San Antonio, which currently had a real estate tax freeze in position for senior citizens, produced its very first homestead exception in 2022, enabling home owners to lower the taxed worth of their main home– and later on raised it to the optimum 20%.
In spite of the modification in monetary scenario, Walsh informed press reporters previously this year that San Antonio’s raised homestead exception had actually been a useful device to maintain family members in their homes, and there were no strategies to turn around that component of the city’s revenue-shedding steps.
” I believe it was difficult not to do the homestead exceptions,” he stated. “It would certainly not have actually made good sense to us, structurally, simply to transform the price.”
San Antonio’s tax obligation price, nonetheless, is most likely ahead back up after reducing in 2023 and 2024 and remaining also in 2025.
To obtain the 3.5% development price, the city tasks it would certainly require to increase it from the present 54.159 cents per $100 of evaluation to 55.406 cents.
It can legitimately increase it also higher, to 55.862 cents per $100 of evaluation, by surrendering a few of the boost it really did not utilize in previous years– referred to as the extra increment.

Those quotes go through transform based upon interest locals’ home evaluations, which will certainly remain to decrease the city’s taxed worths throughout the summertime.

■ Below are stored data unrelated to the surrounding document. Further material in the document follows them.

lemma not_dvd_mult_less:
  fixes a c n :: int
  assumes "1 \<le> c" "c < n" "coprime a n"
  shows "\<not> n dvd c * a"
proof
  assume "n dvd c * a"
  then have "n dvd c" using \<open>coprime a n\<close> by (simp add: coprime_commute coprime_dvd_mult_left_iff)
  with assms(1,2) show False using zdvd_imp_le by fastforce
qed

lemma least_multiplier_repr_pos:
  fixes a b e C :: int
  assumes C: "is_least_multiplier (mon2 b e) a C"
    and "C < b" "C < e" "coprime a b" "coprime a e"
  obtains x y where "1 \<le> x" "1 \<le> y" "C * a = x * b + y * e"
proof -
  obtain x y where xy: "0 \<le> x" "0 \<le> y" "C * a = x * b + y * e"
    using C unfolding is_least_multiplier_def mon2_iff by blast
  have "1 \<le> C" using C unfolding is_least_multiplier_def by blast
  have "\<not> e dvd C * a" "\<not> b dvd C * a"
    using not_dvd_mult_less[OF \<open>1 \<le> C\<close>] assms(2-) by auto
  then have "x \<noteq> 0" "y \<noteq> 0" using xy(3) by auto
  with xy show thesis using that[of x y] by simp
qed

lemma least_multiplier_coeff_less:
  assumes A: "is_least_multiplier (mon2 b e) a A"
    and pos: "0 < a" "0 < b" "0 < e"
    and "A * a = x * b + y * e" "1 \<le> y"
    and "B * b = p * a + q * e" "1 \<le> p" "0 \<le> q"
  shows "x < B"
proof (rule ccontr)
  assume "\<not> x < B"
  have eq: "(A - p) * a = (x - B) * b + (y + q) * e" using assms(5,7) by (simp add: algebra_simps)
  have "0 \<le> (x - B) * b" "0 < (y + q) * e" using \<open>\<not> x < B\<close> assms(6,9) pos by simp_all
  then have "A \<le> A - p"
    using least_multiplier_le[OF A pos(1) eq] \<open>\<not> x < B\<close> assms(6,9) by simp
  with \<open>1 \<le> p\<close> show False by simp
qed

lemma least_multiplier_relations:
  fixes n1 n2 n3 C1 C2 C3 x2 x3 y1 y3 z1 z2 :: int
  assumes pos: "0 < n1" "0 < n2" "0 < n3"
    and L1: "is_least_multiplier (mon2 n2 n3) n1 C1"
    and L2: "is_least_multiplier (mon2 n1 n3) n2 C2"
    and L3: "is_least_multiplier (mon2 n1 n2) n3 C3"
    and X: "C1 * n1 = x2 * n2 + x3 * n3" and Y: "C2 * n2 = y1 * n1 + y3 * n3"
    and Z: "C3 * n3 = z1 * n1 + z2 * n2"
    and coeffs: "1 \<le> x2" "1 \<le> x3" "1 \<le> y1" "1 \<le> y3" "1 \<le> z1" "1 \<le> z2"
  shows "C2 = x2 + z2" "C3 = x3 + y3"
proof -
  have "x2 < C2" using least_multiplier_coeff_less[OF L1 pos X _ Y] coeffs by simp
  have X': "C1 * n1 = x3 * n3 + x2 * n2" using X by simp
  have "x3 < C3"
    using least_multiplier_coeff_less[OF L1[unfolded mon2_commute[of n2]] pos(1,3,2) X' _ Z] coeffs
    by simp
  have "y1 < C1" using least_multiplier_coeff_less[OF L2 pos(2,1,3) Y _ X] coeffs by simp
  have "z1 < C1" using least_multiplier_coeff_less[OF L3 pos(3,1,2) Z _ X'] coeffs by simp
  have "(x3 + y3) * n3 = (C1 - y1) * n1 + (C2 - x2) * n2"
    using X Y by (simp add: algebra_simps)
  from least_multiplier_le[OF L3 pos(3) this] have C3: "C3 \<le> x3 + y3"
    using \<open>y1 < C1\<close> \<open>x2 < C2\<close> pos by (simp add: add_nonneg_pos)
  have "(x2 + z2) * n2 = (C1 - z1) * n1 + (C3 - x3) * n3"
    using X Z by (simp add: algebra_simps)
  from least_multiplier_le[OF L2 pos(2) this] have C2: "C2 \<le> x2 + z2"
    using \<open>z1 < C1\<close> \<open>x3 < C3\<close> pos by (simp add: add_nonneg_pos)
  have eq: "(C1 - y1 - z1) * n1 = (x2 + z2 - C2) * n2 + (x3 + y3 - C3) * n3"
    using X Y Z by (simp add: algebra_simps)
  have nonneg: "0 \<le> (x2 + z2 - C2) * n2" "0 \<le> (x3 + y3 - C3) * n3" using C2 C3 pos by simp_all
  have "\<not> 0 < (x2 + z2 - C2) * n2 + (x3 + y3 - C3) * n3"
  proof
    assume "0 < (x2 + z2 - C2) * n2 + (x3 + y3 - C3) * n3"
    then have "C1 \<le> C1 - y1 - z1" using least_multiplier_le[OF L1 pos(1) eq] C2 C3 by simp
    with coeffs show False by simp
  qed
  then have "(x2 + z2 - C2) * n2 = 0" "(x3 + y3 - C3) * n3 = 0" using nonneg by linarith+
  then show "C2 = x2 + z2" "C3 = x3 + y3" using pos by simp_all
qed

section \<open>Computing the least multiplier\<close>

lemma div_add_le:
  fixes x y v :: int
  assumes "0 < v"
  shows "(x + y) div v \<le> x div v + y div v + 1"
proof -
  have "v * ((x + y) div v) < v * (x div v) + v * (y div v) + 2 * v"
    using assms pos_mod_bound[of v x] pos_mod_bound[of v y] pos_mod_sign[of v "x + y"]
      mult_div_mod_eq[of v "x + y"] mult_div_mod_eq[of v x] mult_div_mod_eq[of v y]
    by linarith
  then have "v * ((x + y) div v) < v * (x div v + y div v + 2)" by (simp add: algebra_simps)
  then show ?thesis using assms by (simp add: mult_less_cancel_left_pos)
qed

text \<open>In the application, \<open>u = [-e a\<^sup>-\<^sup>1]\<^sub>b\<close> and \<open>v = [e b\<^sup>-\<^sup>1]\<^sub>a\<close>, so that
  \<open>candidate \<alpha>\<close> is the expression minimised in the theorem; only the identity \<open>v b - u a = e\<close> matters.\<close>
locale least_multiplier_search =
  fixes a b e u v :: int
  assumes a_pos: "0 < a" and b_pos: "0 < b" and e_pos: "0 < e"
    and u_nonneg: "0 \<le> u" and v_pos: "0 < v"
    and cross: "v * b - u * a = e" and coprime_ab: "coprime a b"
begin

definition candidate :: "int \<Rightarrow> int" where
  "candidate \<alpha> = \<alpha> * b - u * (\<alpha> * a div v)"

lemma candidate_mult_mem:
  assumes "0 \<le> \<alpha>"
  shows "candidate \<alpha> * a \<in> mon2 b e"
proof -
  define d where "d = \<alpha> * a div v"
  have "0 \<le> d" unfolding d_def using assms a_pos v_pos by (simp add: pos_imp_zdiv_nonneg_iff)
  moreover have "0 \<le> \<alpha> * a - d * v"
    unfolding d_def using v_pos by (simp add: mult.commute minus_mod_eq_mult_div[symmetric])
  moreover have "candidate \<alpha> * a = (\<alpha> * a - d * v) * b + d * e"
    unfolding candidate_def d_def cross[symmetric] by (simp add: algebra_simps)
  ultimately show ?thesis by (intro mon2I)
qed

lemma candidate_lower_bound: "\<alpha> * e \<le> v * candidate \<alpha>"
proof -
  have "u * (v * (\<alpha> * a div v)) \<le> u * (\<alpha> * a)"
    using u_nonneg v_pos by (intro mult_left_mono) (simp_all add: minus_mod_eq_mult_div[symmetric])
  then show ?thesis
    unfolding candidate_def cross[symmetric] by (simp add: algebra_simps)
qed

lemma candidate_pos:
  assumes "1 \<le> \<alpha>"
  shows "1 \<le> candidate \<alpha>"
proof -
  have "0 < \<alpha> * e" using assms e_pos by simp
  then have "0 < v * candidate \<alpha>" using candidate_lower_bound[of \<alpha>] by linarith
  then show ?thesis using v_pos by (simp add: zero_less_mult_iff)
qed

lemma candidate_le_multiplier:
  assumes c: "1 \<le> c" "c * a \<in> mon2 b e"
  shows "\<exists>\<alpha>\<ge>1. candidate \<alpha> \<le> c"
proof -
  obtain s t where st: "0 \<le> s" "0 \<le> t" "c * a = s * b + t * e"
    using c(2) by (auto simp: mon2_iff)
  txt \<open>The witness is \<open>\<alpha> = (c + t u) / b\<close>, for which \<open>\<alpha> a = s + t v\<close>.\<close>
  have "a * (c + t * u) = b * (s + t * v)"
  proof -
    have "c * a = s * b + t * (v * b - u * a)" using st(3) cross by simp
    then show ?thesis by (simp add: algebra_simps)
  qed
  then have "b dvd a * (c + t * u)" by simp
  then have "b dvd c + t * u"
    using coprime_ab by (simp add: coprime_commute coprime_dvd_mult_right_iff)
  then obtain \<alpha> where \<alpha>: "c + t * u = b * \<alpha>" by (auto elim: dvdE)
  have "0 \<le> t * u" using st(2) u_nonneg by simp
  then have "0 < b * \<alpha>" using \<alpha> c(1) by linarith
  then have "1 \<le> \<alpha>" using b_pos by (simp add: zero_less_mult_iff)
  have "b * (\<alpha> * a) = b * (s + t * v)"
    using \<open>a * (c + t * u) = b * (s + t * v)\<close> \<alpha> by (simp add: algebra_simps)
  then have "\<alpha> * a = s + t * v" using b_pos by simp
  then have "t * v div v \<le> \<alpha> * a div v" using st(1) v_pos by (intro zdiv_mono1) simp_all
  then have "t \<le> \<alpha> * a div v" using v_pos by simp
  then have "u * t \<le> u * (\<alpha> * a div v)" using u_nonneg by (rule mult_left_mono)
  then have "candidate \<alpha> \<le> c" unfolding candidate_def using \<alpha> by (simp add: algebra_simps)
  with \<open>1 \<le> \<alpha>\<close> show ?thesis by blast
qed

lemma candidate_shift:
  assumes I: "u * v \<le> I * e" "1 \<le> I" and "I < \<alpha>"
  shows "candidate (\<alpha> - I) \<le> candidate \<alpha>"
proof -
  txt \<open>\<open>candidate\<close> is superadditive up to \<open>u\<close>, and \<open>candidate I \<ge> u\<close> by the choice of \<open>I\<close>.\<close>
  have "v * u \<le> v * candidate I"
    using candidate_lower_bound[of I] I(1) by (simp add: mult.commute)
  then have "u \<le> candidate I" using v_pos by simp
  have "\<alpha> * a div v \<le> (\<alpha> - I) * a div v + I * a div v + 1"
    using div_add_le[OF v_pos, of "(\<alpha> - I) * a" "I * a"] by (simp add: algebra_simps)
  then have "u * (\<alpha> * a div v) \<le> u * ((\<alpha> - I) * a div v + I * a div v + 1)"
    using u_nonneg by (rule mult_left_mono)
  with \<open>u \<le> candidate I\<close> show ?thesis
    unfolding candidate_def by (simp add: algebra_simps)
qed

” There’s a great deal of job happening with the Assessment Area now,” Walsh informed the council on Friday. “Yet as it stands, we’re are expecting unfavorable development in our base taxed worths, which hasn’t took place considering that the consequences of the 2009 economic downturn.”
CPS Power earnings
According to the city’s most current forecasts, small renovations in sales tax obligation earnings and CPS Power earnings had actually aided relieve the immediate demand for cuts in this autumn’s spending plan.
Yet without huge projecting adjustments, the city approximates that it can have a greater than $150 million shortage by 2027.
To address that problem, city leaders stated Friday that they intended to push time out on a current strategy to reinvest CPS Power earnings right into capitol tasks at the city-owned energy– rather scheduling that cash for the city’s very own operating budget.
CPS Power’s capacity to market power onto the Texas grid has actually been one intense area in the city’s earnings version, and in 2014 city leaders crafted a contract to utilize a few of that cash to assist the energy business ward off future price rises.
In its very first year the city returned around $26 million to the energy business under that plan, however in a remarkable about-face, the city’s Principal Financial Policeman Ben Gorzell stated Friday that it ought to resist on such reinvestments for the following 2 years.
Doing so can give approximately $60 million to assist the city fill spaces in its spending plan, according to city forecasts.
” We constantly wish to check out our very own monetary setting, influence to solutions, [and the] influence to the neighborhood,” Gorzell stated. “Considered that plan and the means we structured it, we are suggesting … to schedule this $59.3 million to assist us attend to the space– the considerable space– that we have in FY 2027.”